今回は、清潔不潔にうるさい診療科について、
述べてみます。

内科系

内科医といっても、
うんち関係を取り扱う消化器内科

ホンショクの感染症内科まで様々です。

町の開業医さんなどは、
毎年インフルにかからぬよう
飛沫核の感染症対策にきをつけている
でしょう。

とくにうるさい内科を上げてみます。
(感染症内科は省きます)

血液内科

血液内科は、白血病やリンパ腫といった、
血液のガン
を扱うことが多い科です。

化学療法などの治療は、

血液中の免疫細胞を
ほとんど0にすることになります。
(白血球自体の病気なため)

そのため、患者さんは非常に感染しやすい状態
になります。
(無菌室にはいるのはこのためですね。)

これらの患者さんを取り扱う血液内科医は
清潔に非常にうるさいです。

手洗い、アルコール消毒などはもちろん
結婚指輪やネクタイをしている人はいません。

細菌の温床になるためですね。

外科系

手術を行う外科系の診療科では、
清潔意識にだいぶ幅があります。

取り扱う組織に差があるからですね。

組織には、感染しやすい組織と
そうでない組織があります。

ひとつひとつ見ていきます。

清潔:整形外科

整形外科は、骨やじん帯の手術を行う科です。
ボククボもそうです。

外科の中では、最も清潔にとくにうるさい科です。

手術のほとんどは、インプラントを取り扱います。
インプラントに細菌が繁殖すると

台所のぬめりのようにこびりつき
(バイオフィルムといいます。
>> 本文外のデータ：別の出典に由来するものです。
definition quad_form :: "nat \<Rightarrow> qmat \<Rightarrow> qvec \<Rightarrow> quat" where
  "quad_form n A x = (\<Sum>i<n. \<Sum>j<n. qcnj (x i) * A i j * x j)"

lemma num_range_eq_image: "num_range n A = quad_form n A ` qsphere n"
  by (auto simp: num_range_def quad_form_def)

lemma qabs_quad_form_le: "qabs (quad_form n A x) \<le> abs_form n A (\<lambda>i. qabs (x i))"
proof -
  have "qabs (quad_form n A x) \<le> (\<Sum>i<n. qabs (\<Sum>j<n. qcnj (x i) * A i j * x j))"
    unfolding quad_form_def by (rule qabs_sum_le)
  also have "\<dots> \<le> (\<Sum>i<n. \<Sum>j<n. qabs (qcnj (x i) * A i j * x j))"
    by (intro sum_mono qabs_sum_le)
  also have "\<dots> = abs_form n A (\<lambda>i. qabs (x i))"
    by (simp add: abs_form_def qabs_mult mult.commute mult.left_commute)
  finally show ?thesis .
qed

lemma qsphere_moduli_in_pos_sphere: "x \<in> qsphere n \<Longrightarrow> (\<lambda>i. qabs (x i)) \<in> pos_sphere n"
  by (simp add: qsphere_def pos_sphere_iff qcnj_mult_self quat_of_real_sum [symmetric]
      flip: quat_of_real_1)

lemma scaled_phase_aligning_in_qsphere:
  assumes "phase_aligning n A p u" "\<gamma> \<in> pos_sphere n"
  shows "(\<lambda>i. quat_of_real (\<gamma> i) * u i) \<in> qsphere n"
proof -
  have "qcnj (quat_of_real (\<gamma> i) * u i) * 1 * (quat_of_real (\<gamma> i) * u i) = quat_of_real ((\<gamma> i)\<^sup>2)"
    if "i < n" for i
    using assms(1) that
    by (simp only: qcnj_scaled_sandwich) (simp add: phase_aligning_def unit_qcnj_mult_self power2_eq_square)
  with assms(2) show ?thesis
    by (simp add: qsphere_def pos_sphere_iff quat_of_real_sum [symmetric])
qed

lemma quad_form_scaled_phase_aligning:
  assumes "phase_aligning n A p u"
  shows "quad_form n A (\<lambda>i. quat_of_real (\<gamma> i) * u i) = quat_of_real (abs_form n A \<gamma>) * p"
proof -
  have "qcnj (quat_of_real (\<gamma> i) * u i) * A i j * (quat_of_real (\<gamma> j) * u j) =
      quat_of_real (\<gamma> i * \<gamma> j * qabs (A i j)) * p" if "i < n" "j < n" for i j
  proof (cases "A i j = 0")
    case False
    have "qcnj (quat_of_real (\<gamma> i) * u i) * A i j * (quat_of_real (\<gamma> j) * u j) =
        quat_of_real (\<gamma> i * \<gamma> j) * (qcnj (u i) * A i j * u j)"
      by (rule qcnj_scaled_sandwich)
    also have "\<dots> = quat_of_real (\<gamma> i * \<gamma> j) * (quat_of_real (qabs (A i j)) * p)"
      using assms that False by (simp add: phase_aligning_def)
    finally show ?thesis
      by (simp add: quat_of_real_mult mult.assoc)
  qed simp
  then show ?thesis
    by (simp add: quad_form_def abs_form_def quat_of_real_sum sum_distrib_right)
qed

lemma num_range_subset_qdisk:
  assumes "\<And>\<beta>. \<beta> \<in> pos_sphere n \<Longrightarrow> abs_form n A \<beta> \<le> r"
  shows "num_range n A \<subseteq> qdisk 0 r"
proof
  fix q
  assume "q \<in> num_range n A"
  then obtain x where "x \<in> qsphere n" "q = quad_form n A x"
    by (auto simp: num_range_eq_image)
  then have "qabs q \<le> r"
    using order_trans [OF qabs_quad_form_le assms [OF qsphere_moduli_in_pos_sphere]] by simp
  then show "q \<in> qdisk 0 r"
    by (simp add: qdisk_def)
qed

lemma qdisk_subset_num_range:
  assumes tree: "is_tree n A" and "0 < n" and "upper_triangular n A" and \<beta>: "\<beta> \<in> pos_sphere n"
  shows "qdisk 0 (abs_form n A \<beta>) \<subseteq> num_range n A"
proof
  fix q
  assume "q \<in> qdisk 0 (abs_form n A \<beta>)"
  then have "qabs q \<le> abs_form n A \<beta>"
    by (simp add: qdisk_def)
  then obtain \<gamma> where \<gamma>: "\<gamma> \<in> pos_sphere n" and "abs_form n A \<gamma> = qabs q"
    by (rule abs_form_intermediate_value [where A = A,
          OF \<beta> \<open>0 < n\<close> tree_diagonal_zero [OF tree \<open>0 < n\<close>] qabs_nonneg])
  moreover obtain p where "qabs p = 1" and q: "q = quat_of_real (qabs q) * p"
    by (rule quat_polar)
  moreover obtain u where u: "phase_aligning n A p u"
    using tree_phase_aligning [OF assms(1-3) \<open>qabs p = 1\<close>] .
  ultimately have "q = quad_form n A (\<lambda>i. quat_of_real (\<gamma> i) * u i)"
    by (simp add: quad_form_scaled_phase_aligning)
  with scaled_phase_aligning_in_qsphere [OF u \<gamma>] show "q \<in> num_range n A"
    by (auto simp: num_range_eq_image)
qed

theorem theorem3p5:
  fixes n :: nat and A :: "nat \<Rightarrow> nat \<Rightarrow> quat"
  assumes "n \<ge> 1"
    and "upper_triangular n A"
    and "nilpotent n A"
    and "is_tree n A"
  shows "num_range n A =
           qdisk 0 (Sup ((\<lambda>\<beta>. \<Sum>i<n. \<Sum>j<n. \<beta> i * \<beta> j * qabs (A i j)) ` pos_sphere n))"
proof -
  have "0 < n"
    using assms(1) by simp
  then obtain \<beta> where \<beta>: "\<beta> \<in> pos_sphere n"
    and max: "\<And>\<gamma>. \<gamma> \<in> pos_sphere n \<Longrightarrow> abs_form n A \<gamma> \<le> abs_form n A \<beta>"
    using abs_form_attains_max [where A = A] by blast
  have "Sup ((\<lambda>\<beta>. \<Sum>i<n. \<Sum>j<n. \<beta> i * \<beta> j * qabs (A i j)) ` pos_sphere n) =
      abs_form n A \<beta>"
    using \<beta> max by (intro cSup_eq_maximum) (auto simp: abs_form_def)
  with num_range_subset_qdisk [OF max] qdisk_subset_num_range [OF assms(4) \<open>0 < n\<close> assms(2) \<beta>]
  show ?thesis
    by simp
qed

end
)

抗生物質の投与では治癒しなくなります。
骨の中にばい菌がはいると、
一生、細菌と共生しなくてはいけません。

なので、整形外科医は
清潔・不潔にはうるさいのです。

手術もクリーンルームという清潔度の高い部屋で
行うことが多いです。

やや不潔:形成外科

形成外科は、主に皮膚の外科です。

自由診療である美容形成もふくまれますが、

腫瘍切除などで欠損した部分を正常にもどす
(乳房再建や、皮弁、切断指の接着など)

まじめな再建外科が本業です。

基本的には、皮膚組織をあつかうので

それほど清潔度は重要視されません。

  • 皮膚はもともと汚い
  • 軟部組織なので、なんだかんだ抗生物質が効く

というのはあるかもしれません。

手術中は二重手袋が原則なんですが、
形成外科医は手先の細かな作業
(数ミリの血管や神経をつないだりする)

不潔:腹部外科

胃腸を取り扱う、

みなさんが想像する「外科医」ですね。

ガンの切除などが多いでしょう。

胃腸はうんちなどがあって非常に不潔です。

なるべく、不潔部位が付着しないように
操作はしますが限界はあります。

痔の手術なんて、消毒の意味あるんでしょうか。

ある程度の不潔さは許容せざるを得ないです。

腹膜炎の手術なんかは、腸がやぶけて
お腹の中がうんちまみれになることもあります。

このような手術では
手術室に焼けたウンコみたいな匂いが充満しています。

不潔:耳鼻科、口腔外科

鼻や口腔内は非常に不潔ですし、
手術中に清潔をたもつことは困難です。

口腔内にインプラントをいれたりしていますが、

整形外科からすると

なぜあんなところにインプラントを入れて大丈夫なのか
理解できません。

唾液の抗菌作用、粘膜組織の治癒能力の高さでしょうか。

正直清潔にしようがないところはあります。

まとめ

いろいろなタイプの科があることがわかりました。

新型コロナ治療には、人員不足から

今後いろいろな科がかかることが予想されます。

他科との認識のずれが、チームワークに影響する

可能性があるので注意が必要ですね。

気軽にコメントお願いします。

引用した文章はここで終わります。